BEGIN

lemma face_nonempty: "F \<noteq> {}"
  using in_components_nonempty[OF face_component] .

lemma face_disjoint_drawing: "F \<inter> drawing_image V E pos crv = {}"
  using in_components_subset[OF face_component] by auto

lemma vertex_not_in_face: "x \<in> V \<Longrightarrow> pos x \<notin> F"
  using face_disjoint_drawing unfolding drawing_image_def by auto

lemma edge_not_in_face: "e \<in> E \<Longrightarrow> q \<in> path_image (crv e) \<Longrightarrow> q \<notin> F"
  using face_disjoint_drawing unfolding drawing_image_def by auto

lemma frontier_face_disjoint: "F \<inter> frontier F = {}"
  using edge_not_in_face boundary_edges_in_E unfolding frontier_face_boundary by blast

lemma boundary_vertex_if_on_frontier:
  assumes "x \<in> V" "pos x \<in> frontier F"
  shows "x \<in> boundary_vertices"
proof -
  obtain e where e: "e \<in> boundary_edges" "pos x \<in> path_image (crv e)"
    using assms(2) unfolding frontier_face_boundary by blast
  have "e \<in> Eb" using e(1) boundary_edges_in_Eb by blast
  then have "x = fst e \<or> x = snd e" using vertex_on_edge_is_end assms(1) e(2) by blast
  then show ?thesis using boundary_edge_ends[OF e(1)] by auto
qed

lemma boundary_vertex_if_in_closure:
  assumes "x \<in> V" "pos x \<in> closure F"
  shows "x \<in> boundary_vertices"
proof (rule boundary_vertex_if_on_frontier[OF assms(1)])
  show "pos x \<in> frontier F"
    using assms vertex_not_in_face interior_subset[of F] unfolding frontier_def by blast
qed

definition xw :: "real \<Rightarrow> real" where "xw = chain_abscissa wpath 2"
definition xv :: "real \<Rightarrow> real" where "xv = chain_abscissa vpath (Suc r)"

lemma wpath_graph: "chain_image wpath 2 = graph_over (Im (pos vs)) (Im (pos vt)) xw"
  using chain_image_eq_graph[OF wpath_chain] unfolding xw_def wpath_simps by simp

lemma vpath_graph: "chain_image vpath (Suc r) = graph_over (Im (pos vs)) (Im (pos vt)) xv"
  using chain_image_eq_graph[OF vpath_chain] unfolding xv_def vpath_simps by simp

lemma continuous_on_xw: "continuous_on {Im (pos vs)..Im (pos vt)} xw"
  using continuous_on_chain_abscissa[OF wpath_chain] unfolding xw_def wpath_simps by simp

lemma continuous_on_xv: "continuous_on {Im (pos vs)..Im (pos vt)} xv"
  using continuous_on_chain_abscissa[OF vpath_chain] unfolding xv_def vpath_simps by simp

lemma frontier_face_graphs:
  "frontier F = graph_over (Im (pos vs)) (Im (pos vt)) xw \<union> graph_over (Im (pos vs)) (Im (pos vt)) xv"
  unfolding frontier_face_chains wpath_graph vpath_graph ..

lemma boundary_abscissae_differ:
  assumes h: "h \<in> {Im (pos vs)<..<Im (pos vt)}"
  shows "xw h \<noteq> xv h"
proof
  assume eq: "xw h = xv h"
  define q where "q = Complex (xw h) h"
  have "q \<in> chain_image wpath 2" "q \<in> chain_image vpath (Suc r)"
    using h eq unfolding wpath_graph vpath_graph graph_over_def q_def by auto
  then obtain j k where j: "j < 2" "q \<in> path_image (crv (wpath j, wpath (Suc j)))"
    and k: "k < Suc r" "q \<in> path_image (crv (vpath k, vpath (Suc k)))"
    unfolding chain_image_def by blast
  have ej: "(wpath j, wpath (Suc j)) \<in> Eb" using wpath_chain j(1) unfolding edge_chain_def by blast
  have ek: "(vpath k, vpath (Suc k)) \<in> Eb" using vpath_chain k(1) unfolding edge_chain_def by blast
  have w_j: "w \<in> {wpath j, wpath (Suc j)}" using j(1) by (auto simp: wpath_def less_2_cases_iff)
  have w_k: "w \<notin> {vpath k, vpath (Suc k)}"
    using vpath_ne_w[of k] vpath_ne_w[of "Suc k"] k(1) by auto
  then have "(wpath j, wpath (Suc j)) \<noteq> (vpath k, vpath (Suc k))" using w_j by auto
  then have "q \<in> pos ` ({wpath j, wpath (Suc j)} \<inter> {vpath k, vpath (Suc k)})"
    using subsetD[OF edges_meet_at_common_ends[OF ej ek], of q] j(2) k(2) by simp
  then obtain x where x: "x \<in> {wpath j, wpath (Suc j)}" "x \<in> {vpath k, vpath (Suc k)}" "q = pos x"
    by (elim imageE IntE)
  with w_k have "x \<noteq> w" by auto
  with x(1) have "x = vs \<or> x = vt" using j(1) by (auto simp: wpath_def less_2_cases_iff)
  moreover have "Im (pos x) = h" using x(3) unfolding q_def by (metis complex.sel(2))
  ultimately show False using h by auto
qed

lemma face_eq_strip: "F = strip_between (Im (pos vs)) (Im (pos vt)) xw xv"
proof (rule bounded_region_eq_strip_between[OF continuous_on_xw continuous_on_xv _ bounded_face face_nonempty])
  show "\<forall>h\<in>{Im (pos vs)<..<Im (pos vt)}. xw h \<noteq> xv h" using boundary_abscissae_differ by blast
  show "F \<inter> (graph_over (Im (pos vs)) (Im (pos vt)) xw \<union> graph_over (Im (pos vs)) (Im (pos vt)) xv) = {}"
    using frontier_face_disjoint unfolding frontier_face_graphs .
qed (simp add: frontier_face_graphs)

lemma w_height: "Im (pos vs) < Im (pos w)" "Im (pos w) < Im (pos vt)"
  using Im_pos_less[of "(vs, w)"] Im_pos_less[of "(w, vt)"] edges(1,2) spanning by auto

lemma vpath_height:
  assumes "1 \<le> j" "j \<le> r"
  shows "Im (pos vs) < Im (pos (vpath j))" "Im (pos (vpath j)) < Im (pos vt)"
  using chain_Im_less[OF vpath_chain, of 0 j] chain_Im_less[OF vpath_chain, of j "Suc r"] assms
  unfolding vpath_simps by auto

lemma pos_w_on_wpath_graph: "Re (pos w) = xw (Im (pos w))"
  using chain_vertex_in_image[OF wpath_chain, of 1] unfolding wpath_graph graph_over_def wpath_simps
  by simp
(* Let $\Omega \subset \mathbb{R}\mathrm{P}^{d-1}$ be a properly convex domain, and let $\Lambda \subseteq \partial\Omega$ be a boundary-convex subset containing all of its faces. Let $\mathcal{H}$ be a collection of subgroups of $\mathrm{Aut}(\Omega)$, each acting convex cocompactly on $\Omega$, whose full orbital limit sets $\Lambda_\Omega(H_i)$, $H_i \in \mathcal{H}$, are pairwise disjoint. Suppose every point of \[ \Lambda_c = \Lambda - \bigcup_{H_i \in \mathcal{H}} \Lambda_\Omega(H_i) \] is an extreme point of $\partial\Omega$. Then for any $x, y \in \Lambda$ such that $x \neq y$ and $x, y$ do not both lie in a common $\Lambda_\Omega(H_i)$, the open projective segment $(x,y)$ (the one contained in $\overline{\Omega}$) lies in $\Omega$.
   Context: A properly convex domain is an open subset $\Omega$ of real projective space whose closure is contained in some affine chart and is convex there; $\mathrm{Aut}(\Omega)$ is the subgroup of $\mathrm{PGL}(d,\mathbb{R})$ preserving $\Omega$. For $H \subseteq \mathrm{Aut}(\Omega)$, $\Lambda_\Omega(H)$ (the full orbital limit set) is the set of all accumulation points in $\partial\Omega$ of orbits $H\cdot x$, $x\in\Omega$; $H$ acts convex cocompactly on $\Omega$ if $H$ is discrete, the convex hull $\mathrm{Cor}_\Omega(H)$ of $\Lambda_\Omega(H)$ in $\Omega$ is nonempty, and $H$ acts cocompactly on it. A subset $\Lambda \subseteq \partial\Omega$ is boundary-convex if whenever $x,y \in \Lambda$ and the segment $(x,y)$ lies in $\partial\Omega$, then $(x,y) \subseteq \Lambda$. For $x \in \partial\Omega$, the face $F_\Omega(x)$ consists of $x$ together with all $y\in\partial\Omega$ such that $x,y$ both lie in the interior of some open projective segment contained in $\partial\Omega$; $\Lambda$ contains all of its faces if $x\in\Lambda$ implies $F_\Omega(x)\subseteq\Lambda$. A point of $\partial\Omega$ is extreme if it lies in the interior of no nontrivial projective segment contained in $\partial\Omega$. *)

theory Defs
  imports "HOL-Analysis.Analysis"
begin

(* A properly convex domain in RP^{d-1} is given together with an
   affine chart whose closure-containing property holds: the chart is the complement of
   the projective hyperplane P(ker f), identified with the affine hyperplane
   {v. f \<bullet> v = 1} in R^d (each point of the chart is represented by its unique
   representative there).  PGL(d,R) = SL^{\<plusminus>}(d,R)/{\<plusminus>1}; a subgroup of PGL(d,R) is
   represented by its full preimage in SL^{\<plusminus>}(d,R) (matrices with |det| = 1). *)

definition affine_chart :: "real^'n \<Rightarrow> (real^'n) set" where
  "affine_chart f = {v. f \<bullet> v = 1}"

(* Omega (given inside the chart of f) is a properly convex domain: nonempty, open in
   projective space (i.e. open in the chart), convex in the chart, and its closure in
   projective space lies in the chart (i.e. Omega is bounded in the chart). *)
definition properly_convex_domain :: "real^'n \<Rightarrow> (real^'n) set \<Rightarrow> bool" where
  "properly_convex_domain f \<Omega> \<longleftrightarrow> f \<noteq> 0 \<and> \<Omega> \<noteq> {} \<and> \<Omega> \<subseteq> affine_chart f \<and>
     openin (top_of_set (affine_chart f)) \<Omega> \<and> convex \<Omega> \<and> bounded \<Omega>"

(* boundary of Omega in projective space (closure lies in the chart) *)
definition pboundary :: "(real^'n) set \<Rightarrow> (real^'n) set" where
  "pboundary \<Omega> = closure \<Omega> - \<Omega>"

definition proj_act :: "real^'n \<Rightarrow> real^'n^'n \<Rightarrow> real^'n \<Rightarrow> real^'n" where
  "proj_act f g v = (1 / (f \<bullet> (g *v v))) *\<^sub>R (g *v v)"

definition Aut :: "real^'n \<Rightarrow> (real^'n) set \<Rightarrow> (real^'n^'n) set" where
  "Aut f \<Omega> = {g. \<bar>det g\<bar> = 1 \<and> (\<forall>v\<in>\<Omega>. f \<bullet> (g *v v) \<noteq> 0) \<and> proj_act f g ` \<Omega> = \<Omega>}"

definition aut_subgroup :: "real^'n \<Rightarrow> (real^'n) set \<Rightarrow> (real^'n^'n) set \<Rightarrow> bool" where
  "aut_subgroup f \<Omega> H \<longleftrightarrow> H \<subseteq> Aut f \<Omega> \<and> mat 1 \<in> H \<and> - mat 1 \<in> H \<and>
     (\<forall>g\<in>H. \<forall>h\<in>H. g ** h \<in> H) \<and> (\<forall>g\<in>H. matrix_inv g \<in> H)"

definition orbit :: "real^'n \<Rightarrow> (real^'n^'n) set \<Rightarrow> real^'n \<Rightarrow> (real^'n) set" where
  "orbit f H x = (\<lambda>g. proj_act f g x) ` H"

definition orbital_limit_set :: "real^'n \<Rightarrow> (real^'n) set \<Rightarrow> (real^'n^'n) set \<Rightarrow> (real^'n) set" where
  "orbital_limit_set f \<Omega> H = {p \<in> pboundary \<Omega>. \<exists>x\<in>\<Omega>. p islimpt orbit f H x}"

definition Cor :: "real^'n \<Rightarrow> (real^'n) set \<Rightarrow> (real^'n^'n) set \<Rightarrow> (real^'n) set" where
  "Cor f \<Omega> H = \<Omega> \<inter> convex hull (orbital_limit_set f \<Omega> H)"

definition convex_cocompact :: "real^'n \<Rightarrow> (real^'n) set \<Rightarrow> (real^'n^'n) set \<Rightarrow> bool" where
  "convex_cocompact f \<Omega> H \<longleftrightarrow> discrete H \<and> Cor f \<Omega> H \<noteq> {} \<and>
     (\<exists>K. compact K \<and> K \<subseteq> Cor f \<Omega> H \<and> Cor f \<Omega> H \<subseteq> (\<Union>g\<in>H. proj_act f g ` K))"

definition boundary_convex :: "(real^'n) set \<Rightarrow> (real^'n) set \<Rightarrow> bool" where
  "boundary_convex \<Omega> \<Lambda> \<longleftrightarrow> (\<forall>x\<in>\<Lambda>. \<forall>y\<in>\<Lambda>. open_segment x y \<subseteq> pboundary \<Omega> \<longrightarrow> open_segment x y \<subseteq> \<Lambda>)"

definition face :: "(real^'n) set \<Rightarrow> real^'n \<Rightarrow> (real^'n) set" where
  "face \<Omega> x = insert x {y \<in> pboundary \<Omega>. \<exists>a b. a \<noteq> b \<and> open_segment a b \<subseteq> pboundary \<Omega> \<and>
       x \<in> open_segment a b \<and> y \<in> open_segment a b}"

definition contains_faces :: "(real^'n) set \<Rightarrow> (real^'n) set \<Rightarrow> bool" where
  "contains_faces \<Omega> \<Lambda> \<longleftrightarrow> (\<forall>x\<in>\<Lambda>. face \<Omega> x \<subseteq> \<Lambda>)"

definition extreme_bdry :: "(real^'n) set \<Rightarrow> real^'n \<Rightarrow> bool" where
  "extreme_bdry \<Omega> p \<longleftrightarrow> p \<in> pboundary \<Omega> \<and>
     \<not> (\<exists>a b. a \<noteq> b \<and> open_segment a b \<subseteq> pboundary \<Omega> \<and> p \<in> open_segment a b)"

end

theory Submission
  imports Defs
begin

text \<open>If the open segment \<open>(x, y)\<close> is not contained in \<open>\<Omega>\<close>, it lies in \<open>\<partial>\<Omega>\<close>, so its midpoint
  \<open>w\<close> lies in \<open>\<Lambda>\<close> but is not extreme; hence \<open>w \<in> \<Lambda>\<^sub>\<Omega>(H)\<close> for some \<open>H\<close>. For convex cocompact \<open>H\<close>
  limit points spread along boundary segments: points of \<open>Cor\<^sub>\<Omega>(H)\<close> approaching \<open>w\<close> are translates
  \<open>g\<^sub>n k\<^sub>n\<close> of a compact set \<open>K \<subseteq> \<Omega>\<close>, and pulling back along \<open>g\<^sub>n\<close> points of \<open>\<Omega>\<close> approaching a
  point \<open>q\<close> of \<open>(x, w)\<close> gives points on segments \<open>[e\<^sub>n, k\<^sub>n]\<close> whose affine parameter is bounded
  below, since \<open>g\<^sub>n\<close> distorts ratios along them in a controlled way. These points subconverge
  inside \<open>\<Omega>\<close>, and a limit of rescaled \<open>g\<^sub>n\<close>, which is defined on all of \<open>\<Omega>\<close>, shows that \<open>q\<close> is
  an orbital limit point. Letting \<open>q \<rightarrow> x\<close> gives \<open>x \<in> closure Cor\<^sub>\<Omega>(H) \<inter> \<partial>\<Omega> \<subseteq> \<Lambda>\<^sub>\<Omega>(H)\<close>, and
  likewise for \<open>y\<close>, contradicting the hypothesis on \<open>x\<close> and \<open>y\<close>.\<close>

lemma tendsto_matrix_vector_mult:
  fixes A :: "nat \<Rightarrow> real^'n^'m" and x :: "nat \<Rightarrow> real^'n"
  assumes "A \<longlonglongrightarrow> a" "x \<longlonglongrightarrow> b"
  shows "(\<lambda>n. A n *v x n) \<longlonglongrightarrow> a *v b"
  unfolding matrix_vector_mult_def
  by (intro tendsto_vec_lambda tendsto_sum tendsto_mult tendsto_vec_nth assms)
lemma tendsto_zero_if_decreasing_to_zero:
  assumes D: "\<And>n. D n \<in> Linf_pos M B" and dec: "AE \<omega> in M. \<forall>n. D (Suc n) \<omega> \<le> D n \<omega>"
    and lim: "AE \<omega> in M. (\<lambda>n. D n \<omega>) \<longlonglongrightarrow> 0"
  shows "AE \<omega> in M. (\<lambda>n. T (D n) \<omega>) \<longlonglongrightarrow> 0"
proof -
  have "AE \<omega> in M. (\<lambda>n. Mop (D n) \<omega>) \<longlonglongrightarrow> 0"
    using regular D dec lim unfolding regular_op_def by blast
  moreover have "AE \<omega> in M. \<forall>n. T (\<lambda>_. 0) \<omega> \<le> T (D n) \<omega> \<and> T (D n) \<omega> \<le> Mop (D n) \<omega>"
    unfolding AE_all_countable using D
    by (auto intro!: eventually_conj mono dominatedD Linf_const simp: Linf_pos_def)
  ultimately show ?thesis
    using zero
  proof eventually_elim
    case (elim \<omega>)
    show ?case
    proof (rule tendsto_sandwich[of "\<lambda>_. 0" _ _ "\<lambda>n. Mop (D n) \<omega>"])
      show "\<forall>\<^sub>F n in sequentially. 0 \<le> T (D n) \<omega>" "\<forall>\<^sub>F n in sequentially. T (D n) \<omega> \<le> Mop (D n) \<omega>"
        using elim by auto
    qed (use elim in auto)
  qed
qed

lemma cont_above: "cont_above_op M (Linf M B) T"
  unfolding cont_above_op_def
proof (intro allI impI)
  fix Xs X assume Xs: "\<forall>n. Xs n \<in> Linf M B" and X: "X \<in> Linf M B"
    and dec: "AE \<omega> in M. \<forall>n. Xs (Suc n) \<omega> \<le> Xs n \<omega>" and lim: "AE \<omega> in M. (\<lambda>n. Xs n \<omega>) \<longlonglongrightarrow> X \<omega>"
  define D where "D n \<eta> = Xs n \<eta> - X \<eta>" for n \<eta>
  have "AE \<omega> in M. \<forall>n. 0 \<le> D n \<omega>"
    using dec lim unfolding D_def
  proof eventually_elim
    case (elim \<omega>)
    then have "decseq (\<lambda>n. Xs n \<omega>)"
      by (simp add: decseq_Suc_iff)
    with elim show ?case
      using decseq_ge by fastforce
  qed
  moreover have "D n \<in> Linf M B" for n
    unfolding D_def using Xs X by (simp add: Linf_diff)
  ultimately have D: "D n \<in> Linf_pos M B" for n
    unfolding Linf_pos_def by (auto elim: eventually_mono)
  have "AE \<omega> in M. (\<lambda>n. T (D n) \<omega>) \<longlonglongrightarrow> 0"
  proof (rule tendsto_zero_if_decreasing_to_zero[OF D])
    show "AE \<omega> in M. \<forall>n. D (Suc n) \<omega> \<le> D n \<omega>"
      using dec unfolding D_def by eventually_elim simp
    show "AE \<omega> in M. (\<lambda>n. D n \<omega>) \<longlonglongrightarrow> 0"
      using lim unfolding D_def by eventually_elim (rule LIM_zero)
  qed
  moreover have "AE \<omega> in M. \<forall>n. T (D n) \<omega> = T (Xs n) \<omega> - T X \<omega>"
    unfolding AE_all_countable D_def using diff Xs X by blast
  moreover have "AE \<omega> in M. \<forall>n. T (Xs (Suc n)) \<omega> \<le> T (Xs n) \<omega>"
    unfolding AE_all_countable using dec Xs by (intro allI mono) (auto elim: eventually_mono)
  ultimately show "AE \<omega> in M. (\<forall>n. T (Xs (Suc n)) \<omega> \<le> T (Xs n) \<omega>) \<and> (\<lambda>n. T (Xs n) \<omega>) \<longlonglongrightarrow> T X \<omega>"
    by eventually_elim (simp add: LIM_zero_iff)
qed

END

▸ HOW TO COMPLETE THIS TASK
Would you return all lines from the preceding listing that contain the word "there"?

▸ SOLUTION
   Context: A properly convex domain is an open subset $\Omega$ of real projective space whose closure is contained in some affine chart and is convex there; $\mathrm{Aut}(\Omega)$ is the subgroup of $\mathrm{PGL}(d,\mathbb{R})$ preserving $\Omega$. For $H \subseteq \mathrm{Aut}(\Omega)$, $\Lambda_\Omega(H)$ (the full orbital limit set) is the set of all accumulation points in $\partial\Omega$ of orbits $H\cdot x$, $x\in\Omega$; $H$ acts convex cocompactly on $\Omega$ if $H$ is discrete, the convex hull $\mathrm{Cor}_\Omega(H)$ of $\Lambda_\Omega(H)$ in $\Omega$ is nonempty, and $H$ acts cocompactly on it. A subset $\Lambda \subseteq \partial\Omega$ is boundary-convex if whenever $x,y \in \Lambda$ and the segment $(x,y)$ lies in $\partial\Omega$, then $(x,y) \subseteq \Lambda$. For $x \in \partial\Omega$, the face $F_\Omega(x)$ consists of $x$ together with all $y\in\partial\Omega$ such that $x,y$ both lie in the interior of some open projective segment contained in $\partial\Omega$; $\Lambda$ contains all of its faces if $x\in\Lambda$ implies $F_\Omega(x)\subseteq\Lambda$. A point of $\partial\Omega$ is extreme if it lies in the interior of no nontrivial projective segment contained in $\partial\Omega$. *)
   representative there).  PGL(d,R) = SL^{\<plusminus>}(d,R)/{\<plusminus>1}; a subgroup of PGL(d,R) is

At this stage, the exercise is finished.